- [Task directions]: The answer must consist of every line in the records that contains the word "with".

- [Records to process]:
lemma comp_Int_hub:
  assumes "x \<in> W" "x \<notin> hub"
  shows "comp W F x \<inter> hub = {}"
proof (rule ccontr)
  assume "comp W F x \<inter> hub \<noteq> {}"
  then obtain w j where "j \<in> {1,2,3}" "w \<in> comp W F x" "w \<in> comp W F (z j)"
    unfolding hub_def by blast
  then have "x \<in> comp W F (z j)"
    using comp_eq in_comp_self[OF assms(1)] by metis
  with \<open>j \<in> {1,2,3}\<close> assms(2) show False
    unfolding hub_def by blast
qed

lemma comp_outside_hub:
  assumes "i \<in> {1,2,3}" "x \<in> side i - hub"
  shows "comp W F x \<subseteq> side i - hub"
proof
  fix w
  assume w: "w \<in> comp W F x"
  have xW: "x \<in> W"
    using assms side_subset_W by blast
  have "(x, w) \<in> (adj F)\<^sup>*"
    using w unfolding comp_def by blast
  moreover have "(x, z j) \<notin> (adj F)\<^sup>*" if "j \<in> {1,2,3}" for j
    using comp_Int_hub[OF xW] assms(2) z_in_hub[OF that] z_in_W[OF that]
    unfolding comp_def by blast
  ultimately have "w \<in> side i"
    using walk_from_side[OF F_subset assms(1)] assms(2) by blast
  moreover have "w \<notin> hub"
    using comp_Int_hub[OF xW] assms(2) w by blast
  ultimately show "w \<in> side i - hub"
    by blast
qed

lemma card_side_Int_hub_mod:
  assumes "i \<in> {1,2,3}"
  shows "card (side i \<inter> hub) mod 3 = card (side i) mod 3"
proof -
  txt \<open>The vertices of a side outside the hub are covered by whole paths of the factor.\<close>
  have "3 dvd card (side i - hub)"
    using finite_W _ comp_outside_hub[OF assms]
  proof (rule dvd_card_union_of_components)
    show "side i - hub \<subseteq> W"
      using side_subset_W[OF assms] by blast
  qed (auto simp: components_def card_comp)
  moreover have "card (side i) = card (side i \<inter> hub) + card (side i - hub)"
    using card_Int_Diff finite_subset[OF side_subset_W[OF assms] finite_W] by blast
  ultimately show ?thesis
    by (auto elim!: dvdE)
qed

lemma crossing_memE:
  assumes "C \<in> crossing i" "i \<in> {1,2,3}"
  obtains j where "j \<in> {1,2,3}" "C = comp W F (z j)" "nb i j \<in> C"
proof -
  obtain x e where x: "x \<in> W" "C = comp W F x" and e: "e \<subseteq> C" "e \<in> Y_edges E a nb z"
      "card (e \<inter> side i) = 1"
    using assms(1) unfolding crossing_def components_def by blast
  obtain j where j: "j \<in> {1,2,3}" "e = {z j, nb i j}"
    using Y_edge_crossing[OF e(2,3) assms(2)] by blast
  then have "z j \<in> comp W F x"
    using e(1) x(2) by blast
  then have "C = comp W F (z j)"
    unfolding x(2) by (rule comp_eq[symmetric])
  with j e(1) show ?thesis
    by (intro that) auto
qed

lemma crossing_subset:
  assumes "i \<in> {1,2,3}"
  shows "crossing i \<subseteq> (\<lambda>j. comp W F (z j)) ` {1,2,3}"
proof
  fix C
  assume "C \<in> crossing i"
  then obtain j where "j \<in> {1,2,3}" "C = comp W F (z j)"
    using assms by (rule crossing_memE)
  then show "C \<in> (\<lambda>j. comp W F (z j)) ` {1,2,3}"
    by blast
qed

lemma card_crossing_le:
  assumes "i \<in> {1,2,3}"
  shows "card (crossing i) \<le> 3"
proof -
  have "card (crossing i) \<le> card ((\<lambda>j. comp W F (z j)) ` {1,2,3})"
    by (rule card_mono[OF _ crossing_subset[OF assms]]) simp
  also have "\<dots> \<le> card {1,2,3::nat}"
    by (rule card_image_le) simp
  finally show ?thesis
    by simp
qed

lemma crossing_nonempty:
  assumes "i \<in> {1,2,3}" "side i \<inter> hub \<noteq> {}"
  shows "crossing i \<noteq> {}"
proof -
  obtain y j where y: "y \<in> side i" "j \<in> {1,2,3}" "y \<in> comp W F (z j)"
    using assms(2) unfolding hub_def by blast
  then have "(y, z j) \<in> (adj F)\<^sup>*"
    unfolding comp_def by (blast intro: adj_rtrancl_sym)
  then obtain k where k: "k \<in> {1,2,3}" "{z k, nb i k} \<in> F" "(y, z k) \<in> (adj F)\<^sup>*"
    using walk_from_side[OF F_subset assms(1) y(1)] z_notin_side[OF assms(1) y(2)] by blast
  have "(z k, nb i k) \<in> adj F"
    using k(2) unfolding adj_def by simp
  then have "{z k, nb i k} \<subseteq> comp W F y"
    using k(1,3) z_in_W nb_in_side[OF assms(1)] side_subset_W[OF assms(1)]
    unfolding comp_def by (blast intro: rtrancl_into_rtrancl)
  moreover have "card ({z k, nb i k} \<inter> side i) = 1"
  proof -
    have "{z k, nb i k} \<inter> side i = {nb i k}"
      using nb_in_side[OF assms(1) k(1)] z_notin_side[OF assms(1) k(1)] by blast
    then show ?thesis
      by simp
  qed
  moreover have "comp W F y \<in> components W F"
    using y(1) side_subset_W[OF assms(1)] unfolding components_def by blast
  ultimately have "comp W F y \<in> crossing i"
    using k(2) F_subset unfolding crossing_def by blast
  then show ?thesis
    by blast
qed

lemma nb_in_hub_if_card_crossing_3:
  assumes "i \<in> {1,2,3}" "card (crossing i) = 3"
  shows "{nb i 1, nb i 2, nb i 3} \<subseteq> hub"
proof -
  let ?Z = "(\<lambda>j. comp W F (z j)) ` {1,2,3}"
  have three: "card {1,2,3::nat} = 3"
    by simp
  have le: "card ?Z \<le> card {1,2,3::nat}"
    by (rule card_image_le) simp
  then have "card ?Z \<le> card (crossing i)"
    using assms(2) three by linarith
  then have Z: "crossing i = ?Z"
    using card_seteq[OF _ crossing_subset[OF assms(1)]] by blast
  then have "card ?Z = card {1,2,3::nat}"
    using assms(2) three by simp
  then have inj: "inj_on (\<lambda>j. comp W F (z j)) {1,2,3}"
    by (intro eq_card_imp_inj_on[rotated]) simp_all
  have "nb i j \<in> comp W F (z j)" if "j \<in> {1,2,3}" for j
  proof -
    have "comp W F (z j) \<in> crossing i"
      using Z(1) that by blast
    then obtain k where "k \<in> {1,2,3}" "comp W F (z j) = comp W F (z k)" "nb i k \<in> comp W F (z j)"
      using assms(1) by (elim crossing_memE) auto
    with inj that show ?thesis
      by (metis inj_onD)
  qed
  then show ?thesis
    unfolding hub_def by blast
qed

theorem card_crossing:
  assumes "\<And>k. k \<in> {1,2,3} \<Longrightarrow> card (side k) mod 3 = 2" "i \<in> {1,2,3}"
  shows "card (crossing i) \<in> {1, 2}"
proof -
  have hub_mod: "card (side k \<inter> hub) mod 3 = 2" if "k \<in> {1,2,3}" for k
    using card_side_Int_hub_mod assms(1) that by simp
  have "crossing i \<noteq> {}"
    using crossing_nonempty[OF assms(2)] hub_mod[OF assms(2)] by fastforce
  moreover have "card (crossing i) \<noteq> 3"
  proof
    assume "card (crossing i) = 3"
    then have "card {nb i 1, nb i 2, nb i 3} \<le> card (side i \<inter> hub)"
      using nb_in_hub_if_card_crossing_3[OF assms(2)] nb_in_side[OF assms(2)]
      by (intro card_mono) (auto simp: finite_hub)
    then have "5 \<le> card (side i \<inter> hub)"
      using card_nb[OF assms(2)] hub_mod[OF assms(2)] by presburger
    moreover have "2 \<le> card (side k \<inter> hub)" if "k \<in> {1,2,3}" for k
      using hub_mod[OF that] by presburger
    ultimately show False
      using card_hub_ge card_hub_le assms(2) by fastforce
  qed
  moreover have "finite (crossing i)"
    using finite_subset[OF crossing_subset[OF assms(2)]] by blast
  ultimately show ?thesis
    using card_crossing_le[OF assms(2)] card_gt_0_iff[of "crossing i"] by auto
qed

end

theorem mainTheorem7:
  fixes V :: "nat \<Rightarrow> 'a set" and E :: "nat \<Rightarrow> 'a set set"
    and a :: "nat \<Rightarrow> 'a" and nb :: "nat \<Rightarrow> nat \<Rightarrow> 'a" and z :: "nat \<Rightarrow> 'a"
    and F :: "'a set set"
  assumes cub: "\<forall>i\<in>{1,2,3}. cubic (V i) (E i)"
    and disj: "\<forall>i\<in>{1,2,3}. \<forall>j\<in>{1,2,3}. i \<noteq> j \<longrightarrow> V i \<inter> V j = {}"
    and six: "\<forall>i\<in>{1,2,3}. card (V i) mod 6 = 0"
    and a_in: "\<forall>i\<in>{1,2,3}. a i \<in> V i"
    and nbr: "\<forall>i\<in>{1,2,3}. nbrs (E i) (a i) = {nb i 1, nb i 2, nb i 3}"
    and z_dist: "z 1 \<noteq> z 2" "z 1 \<noteq> z 3" "z 2 \<noteq> z 3"
    and z_new: "\<forall>i\<in>{1,2,3}. \<forall>j\<in>{1,2,3}. z j \<notin> V i"
    and P: "Lambda_factor (Y_verts V a z) (Y_edges E a nb z) F"
  shows "\<forall>i\<in>{1,2,3}.
     card {C \<in> components (Y_verts V a z) F.
             \<exists>e \<in> F. e \<subseteq> C \<and>
               e \<in> {d \<in> Y_edges E a nb z. card (d \<inter> del_verts (V i) (a i)) = 1}}
     \<in> {1, 2}"
proof -
  interpret Y_Lambda_factor V E a nb z F
    by (unfold_locales; (rule z_dist)?; simp add: cub disj a_in nbr z_new P)
  have side_mod: "card (side k) mod 3 = 2" if "k \<in> {1,2,3}" for k
  proof -
    have "0 < card (V k)"
      using a_in_V[OF that] finite_V[OF that] by (auto simp: card_gt_0_iff)
    moreover have "card (V k) mod 6 = 0"
      using six that by (rule bspec)
    ultimately show ?thesis
      unfolding card_side[OF that] by (rule pred_mod_3_if_mod_6)
  qed
  show ?thesis
    unfolding crossing_def[symmetric]
  proof
    fix i :: nat
    assume "i \<in> {1,2,3}"
    with side_mod show "card (crossing i) \<in> {1, 2}"
      by (rule card_crossing)
  qed
qed

end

- [Result for this task]:
  with \<open>j \<in> {1,2,3}\<close> assms(2) show False
  with j e(1) show ?thesis
    with inj that show ?thesis
    with side_mod show "card (crossing i) \<in> {1, 2}"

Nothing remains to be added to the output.